8 – The Consensus of Expert’s Opinions are often wrong, but seldom in doubt.
Or, as Dr. Alvan Feinstein opined, “The agreement of ‘experts’ has been a traditional source of all the errors that have been established throughout medical history.”
9 – Variations of Normal does not equate with Pathology.
Pediatricians see this all the time since we are pouring over BMI percentile graphs daily. The muscular, but lean athletic teen whose BMI is greater than the 95th percentile, but who looks like Michaelangelo carved his body out of marble. The graph says he is “obese”, but your eyes tell you a different story.
10 – Clustering of symptoms without a clear etiology do not make a distinct Clinical Syndrome.
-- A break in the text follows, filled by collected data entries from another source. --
lemma drazin_exists:
  fixes M :: "complex^'n^'n"
  obtains d where "is_drazin M (ind M) d"
proof -
  define p where "p = max (ind M) (ind (transpose M))"
  obtain x where x: "mpow M p = mpow M (Suc p) ** x"
    using mpow_factor_right[of M p] p_def by auto
  obtain x' where x': "mpow (transpose M) p = mpow (transpose M) (Suc p) ** x'"
    using mpow_factor_right[of "transpose M" p] p_def by auto
  have y: "mpow M p = transpose x' ** mpow M (Suc p)"
    using arg_cong[OF x', of transpose] by (simp add: matrix_transpose_mul flip: transpose_mpow)
  obtain z where z: "mpow M (ind M) = mpow M (Suc (ind M)) ** z"
    using mpow_factor_right[of M "ind M"] by blast
  show ?thesis
    using is_drazin_lower[OF is_drazin_from_factorizations[OF x y] z] p_def that by auto
qed

lemma is_drazin_eq_mpow_right: "is_drazin a k d \<Longrightarrow> d = mpow d (Suc j) ** mpow a j"
proof (induction j)
  case (Suc j)
  then have "d = d ** d ** a"
    unfolding is_drazin_def by (metis matrix_mul_assoc)
  then have "mpow d (Suc j) ** mpow a j = mpow d (Suc (Suc j)) ** mpow a (Suc j)"
    by (metis mpow_Suc mpow_Suc_right matrix_mul_assoc)
  then show ?case
    using Suc by simp
qed (simp add: mpow_Suc)

lemma is_drazin_eq_mpow_left: "is_drazin a k d \<Longrightarrow> d = mpow a j ** mpow d (Suc j)"
  by (metis is_drazin_def is_drazin_eq_mpow_right mpow_commute_mpow)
My favorite non-syndrome syndrome is Chronic Fatigue Syndrome. You name the symptom and it’s part of this elusive “Syndrome”: Fatigue, aches, pains, sleep problems, allergy symptoms, hypotension, dizziness, anxiety and depression. The following have at one time or another been used to “treat” this condition: Rest, exercise, SSRIs, analgesics, antihistamines, decongestants, Florinef, Tenormin, clonazepam, methylphenidate, acyclovir, immune globulins, interferon and galantamine.
11 – Increased awareness of a condition is not the same as increased incidence.
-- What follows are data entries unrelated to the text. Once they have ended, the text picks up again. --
(* Let $C$ be a compact Hausdorff space, and let $X$ be a topological space which is written in two ways as a topological coproduct $X=\bigsqcup_{i\in\mathbb{N}}C_i=\bigsqcup_{i\in\mathbb{N}}C'_i$ where for each $i$ there are homeomorphisms $\eta_i:C\to C_i$ and $\eta'_i:C\to C'_i$. Let $\pi,\pi':X\to\mathbb{N}$ be given by $\pi(C_i)=\{i\}$ and $\pi'(C'_i)=\{i\}$, and let $\varepsilon=\{e:\exists f\in\zeta,\ e\subseteq(\pi\times\pi)^{-1}(f)\}$ and $\varepsilon'=\{e:\exists f\in\zeta,\ e\subseteq(\pi'\times\pi')^{-1}(f)\}$, where $\zeta=\{f\subseteq\mathbb{N}\times\mathbb{N}: f\setminus\Delta\mathbb{N}\text{ finite}\}$. Let $Z$ be a compact metrizable space. If $X+_fZ\in\mathrm{Pers}(\varepsilon)$ and $X+_gZ\in\mathrm{Pers}(\varepsilon')$, then $X+_fZ$ and $X+_gZ$ are homeomorphic.
   Context: Artin–Wraith glueing: $\mathrm{Closed}(A)$ is the set of closed subsets of $A$; $f:\mathrm{Closed}(A)\to\mathrm{Closed}(B)$ is admissible if $f(\emptyset)=\emptyset$ and $f$ preserves finite unions; $A+_fB$ is $A\sqcup B$ with closed sets the $D$ with $D\cap A$ closed in $A$, $D\cap B$ closed in $B$, $f(D\cap A)\subseteq D$. $\mathrm{Comp}(X)$: compact spaces $X+_fW$ with $W$ compact Hausdorff, morphisms continuous maps that are the identity on $X$. For a Hausdorff compactification $X+_fW$ of $X$ ($X$ dense), $e\subseteq X\times X$ is perspective if $\mathrm{Cl}_{(X+_fW)^2}(e)\cap((X+_fW)^2-X^2)\subseteq\{(p,p):p\in W\}$; $\varepsilon_f$ is the set of perspective sets; for a coarse structure $\varepsilon$, the compactification is perspective if $\varepsilon\subseteq\varepsilon_f$; $\mathrm{Pers}(\varepsilon)$ is the full subcategory of $\mathrm{Comp}(X)$ of perspective compactifications. The homeomorphism in the conclusion need not be the identity on $X$. *)

theory Defs
  imports "HOL-Analysis.Analysis"
begin

definition admissible :: "'a topology \<Rightarrow> 'b topology \<Rightarrow> ('a set \<Rightarrow> 'b set) \<Rightarrow> bool" where
  "admissible A B f \<longleftrightarrow>
     (\<forall>D. closedin A D \<longrightarrow> closedin B (f D)) \<and> f {} = {} \<and>
     (\<forall>D E. closedin A D \<longrightarrow> closedin A E \<longrightarrow> f (D \<union> E) = f D \<union> f E)"

definition glue_carrier :: "'a topology \<Rightarrow> 'b topology \<Rightarrow> ('a + 'b) set" where
  "glue_carrier A B = Inl ` topspace A \<union> Inr ` topspace B"

text \<open>Closed sets of the Artin-Wraith glueing A +_f B.\<close>
definition glue_closed :: "'a topology \<Rightarrow> 'b topology \<Rightarrow> ('a set \<Rightarrow> 'b set) \<Rightarrow> ('a + 'b) set \<Rightarrow> bool" where
  "glue_closed A B f D \<longleftrightarrow>
     D \<subseteq> glue_carrier A B \<and> closedin A (Inl -` D) \<and> closedin B (Inr -` D) \<and>
     Inr ` f (Inl -` D) \<subseteq> D"

definition glue :: "'a topology \<Rightarrow> 'b topology \<Rightarrow> ('a set \<Rightarrow> 'b set) \<Rightarrow> ('a + 'b) topology" where
  "glue A B f = topology (\<lambda>U. U \<subseteq> glue_carrier A B \<and> glue_closed A B f (glue_carrier A B - U))"

definition perspective :: "'a topology \<Rightarrow> 'b topology \<Rightarrow> ('a set \<Rightarrow> 'b set) \<Rightarrow> ('a \<times> 'a) set \<Rightarrow> bool" where
  "perspective X W f e \<longleftrightarrow>
     e \<subseteq> topspace X \<times> topspace X \<and>
     (prod_topology (glue X W f) (glue X W f) closure_of ((\<lambda>(x,y). (Inl x, Inl y)) ` e))
        - (Inl ` topspace X \<times> Inl ` topspace X)
       \<subseteq> {(Inr p, Inr p) | p. p \<in> topspace W}"

definition hausdorff_compactification :: "'a topology \<Rightarrow> 'b topology \<Rightarrow> ('a set \<Rightarrow> 'b set) \<Rightarrow> bool" where
  "hausdorff_compactification X W f \<longleftrightarrow>
     admissible X W f \<and> compact_space W \<and> Hausdorff_space W \<and>
     compact_space (glue X W f) \<and> Hausdorff_space (glue X W f) \<and>
     (glue X W f) closure_of (Inl ` topspace X) = topspace (glue X W f)"

definition in_Pers :: "('a \<times> 'a) set set \<Rightarrow> 'a topology \<Rightarrow> 'b topology \<Rightarrow> ('a set \<Rightarrow> 'b set) \<Rightarrow> bool" where
  "in_Pers eps X W f \<longleftrightarrow> hausdorff_compactification X W f \<and> (\<forall>e\<in>eps. perspective X W f e)"

definition zeta :: "(nat \<times> nat) set set" where
  "zeta = {F. finite (F - Id)}"

text \<open>The coarse structure induced by the decomposition C of X (pi x = the i with x in C i).\<close>
definition decomp_coarse :: "'a topology \<Rightarrow> (nat \<Rightarrow> 'a set) \<Rightarrow> ('a \<times> 'a) set set" where
  "decomp_coarse X C =
     {e. \<exists>F\<in>zeta. e \<subseteq> {(x,y). x \<in> topspace X \<and> y \<in> topspace X \<and>
                              ((THE i. x \<in> C i), (THE i. y \<in> C i)) \<in> F}}"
I refer you to the current autism controversy. The conventional wisdom is that the incidence of autism have been rising dramatically over the past several years casting doubt on the theory that autism is somehow a genetic condition. A recent study fromEnglandin adults purportedly shows that the prevalence of autism among British adults is 1% – closely matching the rate in recent studies of US and British children. The authors conclude, “This favors the interpretation that methods of ascertainment have changed in more recent surveys of children compared with the earliest surveys in which the rates reported were considerably lower.”
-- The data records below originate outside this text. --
text \<open>
  If the graph is infinite, every finite vertex set misses some copy of \<open>D5\<close>: either all
  degrees are infinite and a copy is built greedily, or the graph is locally finite and a copy
  is moved by an automorphism far away from the set. Hence \<open>\<Upsilon>\<^sub>v = \<infinity>\<close>.

  If the graph is finite, the whole vertex set is an invariant cover, so it suffices to show
  \<open>|V| < 5 |X|\<close> for every cover \<open>X\<close>. By transitivity every vertex lies on the same number
  \<open>T\<close> of copies, so double counting incidences gives \<open>5 #copies = T |V|\<close> and
  \<open>#copies \<le> T |X|\<close>, with equality only if every copy meets \<open>X\<close> exactly once. This fails:
  for \<open>x \<in> X\<close> some copy avoids \<open>x\<close> but stays within distance 3 of it (a case analysis on the
  degree, which is at least 3), this copy meets \<open>X\<close> in some \<open>y\<close>, and any two vertices at
  distance at most 3 lie on a common copy. The case analysis uses \<open>|V| \<ge> 6\<close> only to rule out
  components of the form \<open>K\<^sub>4\<close> and \<open>K\<^sub>5\<close>.
\<close>

lemma ex_notin_set_if_length_less_card:
  assumes "length xs < card A"
  shows "\<exists>y\<in>A. y \<notin> set xs"
  using assms by (meson card_length card_mono finite_set le_trans not_le subsetI)

lemma ex_notin_if_infinite:
  assumes "infinite A" "finite F"
  shows "\<exists>y\<in>A. y \<notin> F"
  using assms by (metis finite_subset subsetI)

definition D5_embedding :: "('v \<Rightarrow> 'v \<Rightarrow> bool) \<Rightarrow> 'v \<Rightarrow> 'v \<Rightarrow> 'v \<Rightarrow> 'v \<Rightarrow> 'v \<Rightarrow> bool" where
  "D5_embedding edge v a b c d \<longleftrightarrow>
     distinct [v, a, b, c, d] \<and> edge v a \<and> edge v b \<and> edge v c \<and> edge c d"

lemma D5_embedding_map:
  assumes "D5_embedding edge v a b c d" "inj_on f {v, a, b, c, d}"
    and "\<forall>x y. edge x y \<longrightarrow> edge' (f x) (f y)"
  shows "D5_embedding edge' (f v) (f a) (f b) (f c) (f d)"
proof -
  have "distinct (map f [v, a, b, c, d])"
    using assms(1,2) distinct_map[of f "[v, a, b, c, d]"] unfolding D5_embedding_def by simp
  then show ?thesis
    using assms(1,3) unfolding D5_embedding_def by simp
qed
12 – Relief of anxiety is a form of treatment and may affect the results of a study.
We all know about the so-called “Placebo Effect” where an inert substance can have an unexpected positive result in treating a medical condition. Medical studies often compare drug treatments head-to-head against placebo treatments to see if they actually work. A 2008 study showed that about 50% of internists and rheumatologists that participated had prescribed placebo treatments to patients who were unaware of this. In a more recent study from December, 2010 patients with Irritable Bowel Syndrome (Yes, syndrome) were actually told they were going to be receiving a placebo drug treatment. Sixty percent of them showed improvement compared with only 35% of those with IBS who remained on their standard treatment.
After the students are done, I give them one Bonus Rule to follow once they go into practice that may prevent future cases of agita:
“First do no harm” doesn’t mean, “If it’s not that harmful, then do it, because it just might work.”